Most common entities with their frequencies (total of mentions in all documents of Reuters corpus).

In [20]:
tuples_persons = entity_mentions_tuples(combined_persons)
tuples_persons[:10]

[('reagan', 409),
 ('baker', 278),
 ('lawson', 123),
 ('yeutter', 121),
 ('james baker', 94),
 ('baldrige', 66),
 ('johnson', 64),
 ('mln', 63),
 ('poehl', 54),
 ('stoltenberg', 53)]

In [22]:
#Documents with the entity mentioned
len(combined_persons['reagan'])

221

In [56]:
#Documents with the entity mentioned
len(combined_persons['baker'])

93

In [21]:
#Total mentions as a percentage of the corpus length 
len(combined_persons['reagan'])/len(reuters_files)*100

2.0485724879495737

- **'reagan'** is the most popular entity in persons dictionary. It is mentioned 409 times in the Reuters corpus (409 sentences have "reagan"). Also, it appears in 221 documents, which accounts for 2% of the entire Reuters corpus.
- **'baker'** is the second most mentioned entity. It is mentioned 278 times in the Reuters corpus, and it appears in 93 documents of the entire corpus.

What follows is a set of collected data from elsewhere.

(* Let $f\colon X\to Y$ be a perfect map between metrizable spaces, $d$ a compatible metric on $X$, and $(M,\varrho)$ a complete metric space. Let $m,n\ge1$, $y\in Y$, and $g\in\mathcal{K}(m,n,y)$. Then there exist a neighborhood $V_y$ of $y$ in $Y$ and $\delta_y>0$ such that whenever $y'\in V_y$ and $g_1\in C(X,M)$ satisfies $\varrho(g_1(x),g(x))<\delta_y$ for all $x\in f^{-1}(y')$, we have $g_1\in\mathcal{K}(m,n,y')$.
   Context: For $A\subset X$ and $\delta>0$, $B(A,\delta)=\{x\in X:d(x,A)<\delta\}$. For $g\in C(X,M)$, $y\in Y$, $x\in f^{-1}(y)$, $C(x,g|f^{-1}(y))$ is the component of $g^{-1}(g(x))\cap f^{-1}(y)$ containing $x$. $\mathcal{K}(m,n,y)$ is the set of all $g\in C(X,M)$ such that for every subcontinuum $L\subset f^{-1}(y)$ with $\operatorname{diam} g(L)\ge1/n$ there is $x\in L$ with $C(x,g|f^{-1}(y))\subset B(L,1/m)$. *)

theory Defs
  imports "HOL-Analysis.Analysis"
begin

definition perfect_map :: "('a::metric_space \<Rightarrow> 'b::metric_space) \<Rightarrow> bool" where
  "perfect_map f \<longleftrightarrow> continuous_on UNIV f \<and> (\<forall>S. closed S \<longrightarrow> closed (f ` S))
     \<and> (\<forall>y. compact (f -` {y}))"

definition nbhd_set :: "'a::metric_space set \<Rightarrow> real \<Rightarrow> 'a set" where
  "nbhd_set A \<delta> = {x. infdist x A < \<delta>}"

definition fib_comp :: "('a \<Rightarrow> 'c) \<Rightarrow> ('a \<Rightarrow> 'b) \<Rightarrow> 'b \<Rightarrow> 'a::topological_space \<Rightarrow> 'a set" where
  "fib_comp g f y x = connected_component_set (g -` {g x} \<inter> f -` {y}) x"

definition K_class :: "('a::metric_space \<Rightarrow> 'b) \<Rightarrow> nat \<Rightarrow> nat \<Rightarrow> 'b \<Rightarrow> ('a \<Rightarrow> 'c::metric_space) set" where
  "K_class f m n y = {g. continuous_on UNIV g \<and>
     (\<forall>L. L \<subseteq> f -` {y} \<and> L \<noteq> {} \<and> compact L \<and> connected L \<and> diameter (g ` L) \<ge> 1 / real n
        \<longrightarrow> (\<exists>x\<in>L. fib_comp g f y x \<subseteq> nbhd_set L (1 / real m)))}"

end

theory Submission
  imports Defs "HOL-Complex_Analysis.Great_Picard"
begin

text \<open>
  If the claim failed, there would be points \<open>y\<^sub>k \<rightarrow> y\<close>, maps \<open>G\<^sub>k\<close> uniformly
  \<open>1/k\<close>-close to \<open>g\<close> on \<open>f\<^sup>-\<^sup>1(y\<^sub>k)\<close> with \<open>G\<^sub>k \<notin> \<K>(m,n,y\<^sub>k)\<close>, and continua
  \<open>\<Lambda>\<^sub>k \<subseteq> f\<^sup>-\<^sup>1(y\<^sub>k)\<close> witnessing this. Since \<open>f\<close> is perfect they all lie in the
  compact set \<open>f\<^sup>-\<^sup>1({y} \<union> {y\<^sub>k})\<close>, so by Blaschke's selection theorem a subsequence
  converges in the Hausdorff sense to a continuum \<open>L \<subseteq> f\<^sup>-\<^sup>1(y)\<close> with
  \<open>diam g(L) \<ge> 1/n\<close>. As \<open>g \<in> \<K>(m,n,y)\<close>, some \<open>x \<in> L\<close> has its component
  \<open>C(x, g|f\<^sup>-\<^sup>1(y))\<close> inside \<open>B(L, 1/m - \<eta>)\<close>. That component is a clopen piece of
  its compact level set. Disjoint open neighbourhoods of this piece and of the rest of the
  level set eventually cover the level sets of \<open>G\<^sub>k\<close> through points \<open>x\<^sub>k \<in> \<Lambda>\<^sub>k\<close>
  converging to \<open>x\<close>, so by connectedness the components of the \<open>x\<^sub>k\<close> stay in the first
  neighbourhood. Hence for large \<open>k\<close> they lie in \<open>B(\<Lambda>\<^sub>k, 1/m)\<close>, contradicting the
  choice of \<open>\<Lambda>\<^sub>k\<close>.
\<close>

section \<open>Metric neighbourhoods and compactness\<close>

lemma infdist_lessE:
  assumes "infdist x A < e" "A \<noteq> {}"
  obtains a where "a \<in> A" "dist x a < e"
proof -
  have "Inf (dist x ` A) < e" using assms by (simp add: infdist_notempty)
  then show thesis using cInf_lessD[of "dist x ` A" e] assms(2) that by auto
qed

From the **top 500 entities** with the largest number of mentions in the **persons dictionary**, let's take a look at the first 100 entities.

In [30]:
print(top_persons[:100])

['reagan', 'baker', 'lawson', 'yeutter', 'james baker', 'baldrige', 'johnson', 'mln', 'poehl', 'stoltenberg', '1986/87', 'inra', 'clayton yeutter', 'kiichi miyazawa', 'herrington', 'williams', 'heller', 'yasuhiro nakasone', 'richard lyng', 'satoshi sumita', 'nigel lawson', 'chirac', 'clark', 'edouard balladur', 'clayton', 'jardine matheson', 'paul volcker', 'malcolm baldrige', 'caspar weinberger', 'twa', 'nazer', 'donald trump', '1987/88', 'bass', 'gerhard stoltenberg', 'howard', 'microchips', 'simon', 'amc', 'mulroney', 'greenspan', 'george shultz', 'de clercq', 'ali', 'jorio dauster', 'richard  lyng', 'rotterdam', 'kim', 'karl otto poehl', 'heyman', 'marlin fitzwater', 'margaret thatcher', 'darman', 'leigh-pemberton', 'subroto', 'fitzwater', 'bangemann', 'paul  volcker', 'silas', 'karl otto', 'harris', 'jordan', 'nspa', 'gao', 'john herrington', 'kato', 'corazon aquino', 'gerhard  stoltenberg', 'morgan', 'gelco', 'barber', 'sama', 'marshall', 'brown', 'romero', 'lee', 'jim wright', '

- Overall, it seems that the method worked. However, some of these entities are repeated. For example, we have 2 different entities related to James Baker: **"baker"** and **"james baker"**. It is important to figure out a method that will treat both entities as the same person. This is a key point because it will change the total count of sentences associated to these entities and, thus, our rankings will be adjusted. 
- Also, we should avoid the entity '1987/88', which clearly is not a person. 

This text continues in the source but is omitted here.